I am developing and migrating a new document store for a client that is moving files from SharePoint On-Premises (2010) to Office 365. As part of the new solution we are planning on being heavy users of search. It is therefore not surprising that on every step of the way I have been testing search. I was bogged down for 3 weeks focused on an issue: Search was not finding my files. Almost every day I met with Microsoft Support and they were stymied, albeit it was over the Christmas and New Years holidays.
I am writing this post to explain what I found and hope that I can save you some time. My work was focused on search being able to find files. Interestingly enough, my friends and colleagues Marc Anderson and Julie Turner were working on a similar issue and they helped me figure out the issue. In their case they were focused on lists and they were using REST calls, while I was using the SharePoint Search Center. Marc has written his findings up and they can be found here.

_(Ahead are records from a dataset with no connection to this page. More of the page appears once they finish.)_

(* Let $n\ge 3$ be odd and let $D_{2n}$ be the dihedral group of order $2n$. Every indecomposable cycle set $X$ whose permutation group $G(X)$ is isomorphic to $D_{2n}$ satisfies $|X|=2n$.
   Context: A cycle set is a set $X$ with a binary operation $\cdot$ such that for every $x\in X$ the map $\sigma(x)\colon X\to X$, $y\mapsto x\cdot y$, is bijective, and $(x\cdot y)\cdot(x\cdot z)=(y\cdot x)\cdot(y\cdot z)$ for all $x,y,z\in X$. The permutation group $G(X)$ is the subgroup of the symmetric group on $X$ generated by all $\sigma(x)$, $x\in X$. The cycle set $X$ is indecomposable if $G(X)$ acts transitively on $X$ (equivalently, $X$ is not the disjoint union of two nonempty $G(X)$-invariant subsets). *)

theory Defs
  imports "HOL-Algebra.Algebra"
begin

definition cycle_set :: "'a set \<Rightarrow> ('a \<Rightarrow> 'a \<Rightarrow> 'a) \<Rightarrow> bool" where
  "cycle_set A mu \<longleftrightarrow>
     (\<forall>x\<in>A. \<forall>y\<in>A. mu x y \<in> A) \<and>
     (\<forall>x\<in>A. bij_betw (mu x) A A) \<and>
     (\<forall>x\<in>A. \<forall>y\<in>A. \<forall>z\<in>A. mu (mu x y) (mu x z) = mu (mu y x) (mu y z))"

definition cs_sigma :: "'a set \<Rightarrow> ('a \<Rightarrow> 'a \<Rightarrow> 'a) \<Rightarrow> 'a \<Rightarrow> ('a \<Rightarrow> 'a)" where
  "cs_sigma A mu x = (\<lambda>y\<in>A. mu x y)"

definition perm_group :: "'a set \<Rightarrow> ('a \<Rightarrow> 'a \<Rightarrow> 'a) \<Rightarrow> ('a \<Rightarrow> 'a) monoid" where
  "perm_group A mu =
     (BijGroup A)\<lparr>carrier := generate (BijGroup A) (cs_sigma A mu ` A)\<rparr>"

definition indecomposable :: "'a set \<Rightarrow> ('a \<Rightarrow> 'a \<Rightarrow> 'a) \<Rightarrow> bool" where
  "indecomposable A mu \<longleftrightarrow>
     (\<forall>x\<in>A. \<forall>y\<in>A. \<exists>g\<in>carrier (perm_group A mu). g x = y)"

text \<open>The dihedral group of order 2n: elements r^k s^b with k in {0..<n}, b :: bool,
  multiplication (r^a s^b)(r^c s^d) = r^(a + (-1)^b c) s^(b+d).\<close>
definition dihedral_group :: "nat \<Rightarrow> (nat \<times> bool) monoid" where
  "dihedral_group n =
     \<lparr>carrier = {0..<n} \<times> UNIV,
      monoid.mult = (\<lambda>(a, b) (c, d). ((if b then a + (n - c) else a + c) mod n, b \<noteq> d)),
      one = (0, False)\<rparr>"

end

(*
  The permutation group G = G(X) carries a left brace structure. With tau x the inverse of
  sigma x, the products tau_prod of words over X only depend on the multiset of letters, so
  concatenation of words induces a commutative addition on G, twisted from the multiplication by
  maps lambda_g with lambda_g (tau x) = tau (g x). The additive group has order 2n with n odd, so
  a |-> n a is a lambda-invariant additive character with values in Z/2; transitivity makes
  it nontrivial on every tau x, hence on the sum t of all tau x exactly when |X| is odd.

  Rotations fixing a point are trivial. If a reflection s fixed a point, the rotations would act
  regularly, so |X| = n would be odd and t would be a reflection (rotations are squares).
  Being conjugate to s, t fixes some z, hence commutes with tau z; as the centralizer of a
  reflection is {1, t}, every tau y lies in {1, t}, forcing |G| <= 2. So G acts regularly
  and |X| = |G| = 2n.
*)
theory Submission
  imports Defs
begin

section \<open>Arithmetic in the dihedral group\<close>

lemma dihedral_mult [simp]:
  "(a, b) \<otimes>\<^bsub>dihedral_group n\<^esub> (c, d) = ((if b then a + (n - c) else a + c) mod n, b \<noteq> d)"
  by (simp add: dihedral_group_def)

lemma dihedral_carrier: "carrier (dihedral_group n) = {0..<n} \<times> UNIV"
  by (simp add: dihedral_group_def)

lemma double_times_half_mod:
  fixes x n :: nat
  assumes "odd n"
  shows "(2 * x * ((n + 1) div 2)) mod n = x mod n"
proof -
  have "2 * x * ((n + 1) div 2) = x * n + x" using assms by (auto elim!: oddE)
  then show ?thesis by simp
qed

lemma exists_half_mod:
  fixes x n :: nat
  assumes "odd n"
  shows "\<exists>c<n. (2 * c) mod n = x mod n"
proof
  let ?c = "(x * ((n + 1) div 2)) mod n"
  have "n > 0" using assms by presburger
  moreover have "(2 * ?c) mod n = x mod n"
    using double_times_half_mod[OF assms, of x] by (simp add: mod_mult_right_eq mult.assoc)
  ultimately show "?c < n \<and> (2 * ?c) mod n = x mod n" by simp
qed

lemma mod_eq_iff_int_dvd: "(x::nat) mod n = y mod n \<longleftrightarrow> int n dvd int x - int y"
  by (metis mod_eq_dvd_iff of_nat_eq_iff of_nat_mod)

lemma odd_dvd_double_imp_dvd: "odd n \<Longrightarrow> int n dvd 2 * z \<Longrightarrow> int n dvd z"
  by (simp add: coprime_dvd_mult_right_iff)

lemma dvd_imp_eq_0_if_abs_less: "int n dvd z \<Longrightarrow> \<bar>z\<bar> < int n \<Longrightarrow> z = 0"
  using dvd_imp_le_int[of z "int n"] by auto

lemma dihedral_rotation_commute_or_invert:
  assumes "a < n" "c < n"
  shows "(a, False) \<otimes>\<^bsub>dihedral_group n\<^esub> (c, d) = (c, d) \<otimes>\<^bsub>dihedral_group n\<^esub> (a, False) \<or>
    (a, False) \<otimes>\<^bsub>dihedral_group n\<^esub> ((c, d) \<otimes>\<^bsub>dihedral_group n\<^esub> (a, False)) = (c, d)"
proof (cases d)
  case True
  have "(a + (c + (n - a)) mod n) mod n = (c + n) mod n"
    using assms(1) by (simp add: mod_add_right_eq)
  then show ?thesis using True assms by simp
qed (simp add: add.commute)

lemma dihedral_centralizer_reflection:
  assumes "odd n" "a < n" "c < n"
    and "(c, d) \<otimes>\<^bsub>dihedral_group n\<^esub> (a, True) = (a, True) \<otimes>\<^bsub>dihedral_group n\<^esub> (c, d)"
  shows "(c, d) = (0, False) \<or> (c, d) = (a, True)"
proof (cases d)
  case False
  then have "int n dvd int (c + a) - int (a + (n - c))"
    using assms(4) by (simp add: mod_eq_iff_int_dvd)
  also have "int (c + a) - int (a + (n - c)) = 2 * int c - int n"
    using assms(3) by (simp add: of_nat_diff)
  finally have "int n dvd 2 * int c"
    by (metis diff_add_cancel dvd_add_triv_right_iff)
  then have "int c = 0"
    by (rule dvd_imp_eq_0_if_abs_less[OF odd_dvd_double_imp_dvd[OF assms(1)]]) (use assms(3) in auto)
  then show ?thesis using False by simp
next
  case True
  then have "int n dvd int (c + (n - a)) - int (a + (n - c))"
    using assms(4) by (simp add: mod_eq_iff_int_dvd)
  also have "int (c + (n - a)) - int (a + (n - c)) = 2 * (int c - int a)"
    using assms(2,3) by (simp add: of_nat_diff)
  finally have "int c - int a = 0"
    by (rule dvd_imp_eq_0_if_abs_less[OF odd_dvd_double_imp_dvd[OF assms(1)]]) (use assms(2,3) in auto)
  then show ?thesis using True by simp
qed

lemma dihedral_reflections_conjugate:
  assumes "odd n" "a < n" "b < n"
  shows "\<exists>c<n. (c, False) \<otimes>\<^bsub>dihedral_group n\<^esub> (a, True) = (b, True) \<otimes>\<^bsub>dihedral_group n\<^esub> (c, False)"
proof -
  obtain c where c: "c < n" "(2 * c) mod n = (b + n - a) mod n"
    using exists_half_mod[OF assms(1)] by blast
  from c(2) have "int n dvd int (2 * c) - int (b + n - a)"
    by (simp only: mod_eq_iff_int_dvd)
  also have "int (2 * c) - int (b + n - a) = int (c + a) - int (b + (n - c))"
    using assms(2) c(1) by (simp add: of_nat_diff)
  finally have "(c + a) mod n = (b + (n - c)) mod n"
    by (simp only: mod_eq_iff_int_dvd)
  then show ?thesis using c(1) by (intro exI[of _ c]) simp
qed

lemma dihedral_rotation_square:
  assumes "odd n" "a < n"
  shows "\<exists>c<n. (c, False) \<otimes>\<^bsub>dihedral_group n\<^esub> (c, False) = (a, False)"
  using exists_half_mod[OF assms(1), of a] assms(2) by (auto simp: mult_2)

Before I explain the solution, let me provide a summary of the issue.
The Issue
I have a set of old resumes that I use for testing search. They have some unique things in them that I can search for. I have doctored them up over the years so that they are particularly good files to use for search testing. In particular, in some of them I have the value for pi appearing (3.1415926) and in others I have the value for e (2.178.) Some files I have been named Resume 3.1415926 as well as Resume 2.718.
Now when I search for "3.1415926," I expect to find all of the various versions of my resumes that have the number embedded in it or as part of the file name. When I performed a search for these files using the search center, I always got back a single result. If I searched for these files using the local library search I got back all the files.
As you can see in the pictures below, the screenshot on the left shows the results when I search for 3.1415926 in the local library. I find all four files. While in the search center I find only a single file.
s |
I tested this same scenario on 4 completely independent Office 365 tenants, and Microsoft Support uploaded the files to their own test environment. In all cases we got exactly the same results.
Now to make things more interesting, if I created completely new files and embedded 3.1415926 in the new files, search finds all variations of these files.
The Solution
After weeks of investigation, we found out what is going on. The Microsoft Support staff that I worked with had no idea about this. The search engine has a concept of "duplicate results." I was unable to find any documentation about duplicate results. The search engine has some concept of duplicate results, but it is not documented how they decide on duplicates.
If you look at the Search Results web part and click on Change Query, you will be able to set options on duplicates.
On the dialog box that pops up, click on the Settings tab. The last choice on the page is "Remove Duplicates." By default, all SharePoint search results are set to "Remove duplicates." This is the root cause of our problem. It is a mystery what Microsoft's Search Engine considers as duplicate files. What has become clear to me is that files that started their lives as older formats (Word 2003) and have remained in these formats, or have been upgraded, are all being confused by the search pipeline as being duplicates.
When I change the Remove Duplicates option to "Don't remove duplicates," you can see that I now get all the results.
The most interesting point in all of this for me is that Microsoft support didn't understand it as a setting, but instead as a bug.
I've sent a link to your post to some people on the search team at Microsoft. Maybe they can tighten up that knowledge base.
M.
Posted by: Sympmarc | January 11, 2017 at 06:09 AM
Wow! Really interesting find. Somehow I've always missed this option in the query too. Thanks for posting!
Posted by: Oliver Bartholdson | January 11, 2017 at 06:29 AM
I found this description of the process:
During content processing, for every item being processed, FAST Search for SharePoint will obtain the value of title and the first 1024 bytes of body for this item, and use it to compute a numerical checksum that will be used as a document signature. This checksum is stored in the property documentsignature for every item processed.
During query time, whenever “Remove Duplicate Results” is enabled, the Search Center tells FAST Search for SharePoint to collapse results using the documentsignature property, effectively eliminating any duplicates for items that have the same title+first-1024-bytes-of-body.
When a user clicks on the “Duplicates (n)” link next to an item that has duplicates, another query is submitted to FAST Search for SharePoint, passing as an additional parameter the value of the fcoid managed property for the item selected, which will be used to return all items that contain the same checksum (“the duplicates”).
Posted by: Oliver Bartholdson | January 13, 2017 at 06:55 AM
Great post Marcel as always.
So its a hangover from the FAST days. 1024 bytes seems a little low to base that checksum on though.
Posted by: Nic Betts | January 13, 2017 at 12:35 PM
Thanks for sharing this- good information! Keep it up the great work, we look forward to reading more from you in the future!
Posted by: Venkat | May 17, 2017 at 02:39 AM